lemma f_delta_diff_le:
  fixes \<Omega> :: "'a::euclidean_space set" and lam \<delta> :: real
  defines "\<mu> \<equiv> measure (lebesgue_on \<Omega>) \<Omega>"
  assumes "\<Omega> \<in> lmeasurable" "0 < \<delta>"
    and [measurable]: "v1 \<in> borel_measurable (lebesgue_on \<Omega>)" "v2 \<in> borel_measurable (lebesgue_on \<Omega>)"
    and "integrable (lebesgue_on \<Omega>) (\<lambda>x. v1 x - v2 x)"
  shows "\<bar>f_delta lam \<delta> \<Omega> v1 x - f_delta lam \<delta> \<Omega> v2 x\<bar>
           \<le> 2 * \<bar>lam\<bar> / \<delta> ^ 3 * \<bar>v1 x - v2 x\<bar>
             + 2 * \<bar>lam\<bar> * (1 + \<mu> / \<delta>) / \<delta> ^ 4 * (\<integral>y. \<bar>v1 y - v2 y\<bar> \<partial>lebesgue_on \<Omega>)"
proof -
  interpret finite_measure "lebesgue_on \<Omega>"
    using \<open>\<Omega> \<in> lmeasurable\<close> by (rule finite_measure_lebesgue_on)
  define I where "I v = (\<integral>y. g_delta \<delta> (v y) \<partial>lebesgue_on \<Omega>)" for v
  have I_bounds: "0 \<le> I v" "I v \<le> \<mu> / \<delta>" if "v \<in> borel_measurable (lebesgue_on \<Omega>)" for v
    using integral_g_delta_bounds[OF \<open>0 < \<delta>\<close> that] by (simp_all add: I_def \<mu>_def)
  have "\<bar>f_delta lam \<delta> \<Omega> v1 x - f_delta lam \<delta> \<Omega> v2 x\<bar>
      = \<bar>lam\<bar> * \<bar>(g_delta \<delta> (v1 x))\<^sup>2 / (1 + I v1)\<^sup>2 - (g_delta \<delta> (v2 x))\<^sup>2 / (1 + I v2)\<^sup>2\<bar>"
    by (simp add: f_delta_def I_def right_diff_distrib flip: abs_mult)
  also have "\<dots> \<le> \<bar>lam\<bar> * (2 * (1 / \<delta>) * \<bar>g_delta \<delta> (v1 x) - g_delta \<delta> (v2 x)\<bar>
      + 2 * (1 / \<delta>)\<^sup>2 * (1 + \<mu> / \<delta>) * \<bar>I v1 - I v2\<bar>)"
    using g_delta_pos[OF \<open>0 < \<delta>\<close>] g_delta_le[OF \<open>0 < \<delta>\<close>] I_bounds
    by (intro mult_left_mono abs_diff_square_div_square_le) (auto simp: less_imp_le)
  also have "\<dots> \<le> \<bar>lam\<bar> * (2 * (1 / \<delta>) * (\<bar>v1 x - v2 x\<bar> / \<delta>\<^sup>2)
      + 2 * (1 / \<delta>)\<^sup>2 * (1 + \<mu> / \<delta>) * ((\<integral>y. \<bar>v1 y - v2 y\<bar> \<partial>lebesgue_on \<Omega>) / \<delta>\<^sup>2))"
    using g_delta_lipschitz[OF \<open>0 < \<delta>\<close>] abs_integral_g_delta_diff_le[OF \<open>0 < \<delta>\<close> assms(4-6)]
      \<open>0 < \<delta>\<close> \<mu>_def
    by (intro mult_left_mono add_mono) (auto simp: I_def)
  also have "\<dots> = 2 * \<bar>lam\<bar> / \<delta> ^ 3 * \<bar>v1 x - v2 x\<bar>
      + 2 * \<bar>lam\<bar> * (1 + \<mu> / \<delta>) / \<delta> ^ 4 * (\<integral>y. \<bar>v1 y - v2 y\<bar> \<partial>lebesgue_on \<Omega>)"
    by (simp add: field_simps power2_eq_square power3_eq_cube power4_eq_xxxx)
  finally show ?thesis .
qed

lemma f_delta_lipschitz_L2:
  fixes \<Omega> :: "'a::euclidean_space set" and lam \<delta> :: real
  assumes "\<Omega> \<in> lmeasurable" "0 < \<delta>"
  shows "\<exists>L. \<forall>v1 v2. L2 \<Omega> v1 \<longrightarrow> L2 \<Omega> v2 \<longrightarrow>
           L2_norm \<Omega> (\<lambda>x. f_delta lam \<delta> \<Omega> v1 x - f_delta lam \<delta> \<Omega> v2 x)
             \<le> L * L2_norm \<Omega> (\<lambda>x. v1 x - v2 x)"
proof -
  let ?M = "lebesgue_on \<Omega>"
  interpret finite_measure ?M
    using \<open>\<Omega> \<in> lmeasurable\<close> by (rule finite_measure_lebesgue_on)
  define \<mu> where "\<mu> = measure ?M \<Omega>"
  define P where "P = 2 * \<bar>lam\<bar> / \<delta> ^ 3"
  define Q where "Q = 2 * \<bar>lam\<bar> * (1 + \<mu> / \<delta>) / \<delta> ^ 4"
  have "L2_norm \<Omega> (\<lambda>x. f_delta lam \<delta> \<Omega> v1 x - f_delta lam \<delta> \<Omega> v2 x)
          \<le> sqrt (2 * (P\<^sup>2 + Q\<^sup>2 * \<mu>\<^sup>2)) * L2_norm \<Omega> (\<lambda>x. v1 x - v2 x)"
    if "L2 \<Omega> v1" "L2 \<Omega> v2" for v1 v2
  proof -
    have v_meas [measurable]: "v1 \<in> borel_measurable ?M" "v2 \<in> borel_measurable ?M"
      and "integrable ?M (\<lambda>x. (v1 x)\<^sup>2)" "integrable ?M (\<lambda>x. (v2 x)\<^sup>2)"
      using that by (simp_all add: L2_def)
    then have diff_square: "integrable ?M (\<lambda>x. (v1 x - v2 x)\<^sup>2)"
      by (rule integrable_square_diff)
    have diff_meas: "(\<lambda>x. v1 x - v2 x) \<in> borel_measurable ?M"
      by measurable
    have f_meas: "(\<lambda>x. f_delta lam \<delta> \<Omega> v1 x - f_delta lam \<delta> \<Omega> v2 x) \<in> borel_measurable ?M"
      unfolding f_delta_def by measurable
    have "integrable ?M (\<lambda>x. v1 x - v2 x)"
      using diff_meas diff_square by (rule square_integrable_imp_integrable)
    then have f_bound: "\<bar>f_delta lam \<delta> \<Omega> v1 x - f_delta lam \<delta> \<Omega> v2 x\<bar>
        \<le> P * \<bar>v1 x - v2 x\<bar> + Q * (\<integral>y. \<bar>v1 y - v2 y\<bar> \<partial>?M)" for x
      unfolding P_def Q_def \<mu>_def by (rule f_delta_diff_le[OF assms v_meas])
    have "(\<integral>x. (f_delta lam \<delta> \<Omega> v1 x - f_delta lam \<delta> \<Omega> v2 x)\<^sup>2 \<partial>?M)
        \<le> 2 * (P\<^sup>2 + Q\<^sup>2 * \<mu>\<^sup>2) * (\<integral>x. (v1 x - v2 x)\<^sup>2 \<partial>?M)"
      using integral_square_le_of_pointwise_bound[OF f_meas diff_meas diff_square f_bound]
      by (simp add: \<mu>_def)
    then show ?thesis
      unfolding L2_norm_def real_sqrt_mult[symmetric] by (rule real_sqrt_le_mono)
  qed
  then show ?thesis
    by blast
qed

theorem lemma3p1:
  fixes \<Omega> :: "'a::euclidean_space set" and lam \<delta> T :: real and u0 :: "'a \<Rightarrow> real"
  assumes "open \<Omega>" "connected \<Omega>" "bounded \<Omega>" "\<Omega> \<noteq> {}"
    and "lam > 0" "0 < \<delta>" "\<delta> < 1" "T > 0"
    and "L2 \<Omega> u0"
  shows "\<exists>L. \<forall>u1\<in>Y_M \<Omega> T (L2_norm \<Omega> u0 + 1). \<forall>u2\<in>Y_M \<Omega> T (L2_norm \<Omega> u0 + 1). \<forall>t\<in>{0..T}.
           L2_norm \<Omega> (\<lambda>x. f_delta lam \<delta> \<Omega> (u1 t) x - f_delta lam \<delta> \<Omega> (u2 t) x)
             \<le> L * L2_norm \<Omega> (\<lambda>x. u1 t x - u2 t x)"
proof -
  have "\<Omega> \<in> lmeasurable"
    using \<open>bounded \<Omega>\<close> \<open>open \<Omega>\<close> by (rule lmeasurable_open)
  then obtain L where L: "\<forall>v1 v2. L2 \<Omega> v1 \<longrightarrow> L2 \<Omega> v2 \<longrightarrow>
      L2_norm \<Omega> (\<lambda>x. f_delta lam \<delta> \<Omega> v1 x - f_delta lam \<delta> \<Omega> v2 x) \<le> L * L2_norm \<Omega> (\<lambda>x. v1 x - v2 x)"
    using f_delta_lipschitz_L2 \<open>0 < \<delta>\<close> by blast
  have "L2 \<Omega> (u t)" if "u \<in> Y_M \<Omega> T M" "t \<in> {0..T}" for u t M
    using that by (simp add: Y_M_def)
  then show ?thesis
    using L by blast
qed

end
════════════════════
◆ YOUR INSTRUCTIONS: Go through the entries above and count the lines containing the string "dots". Give only that number.

◆ FINISHED TASK: 3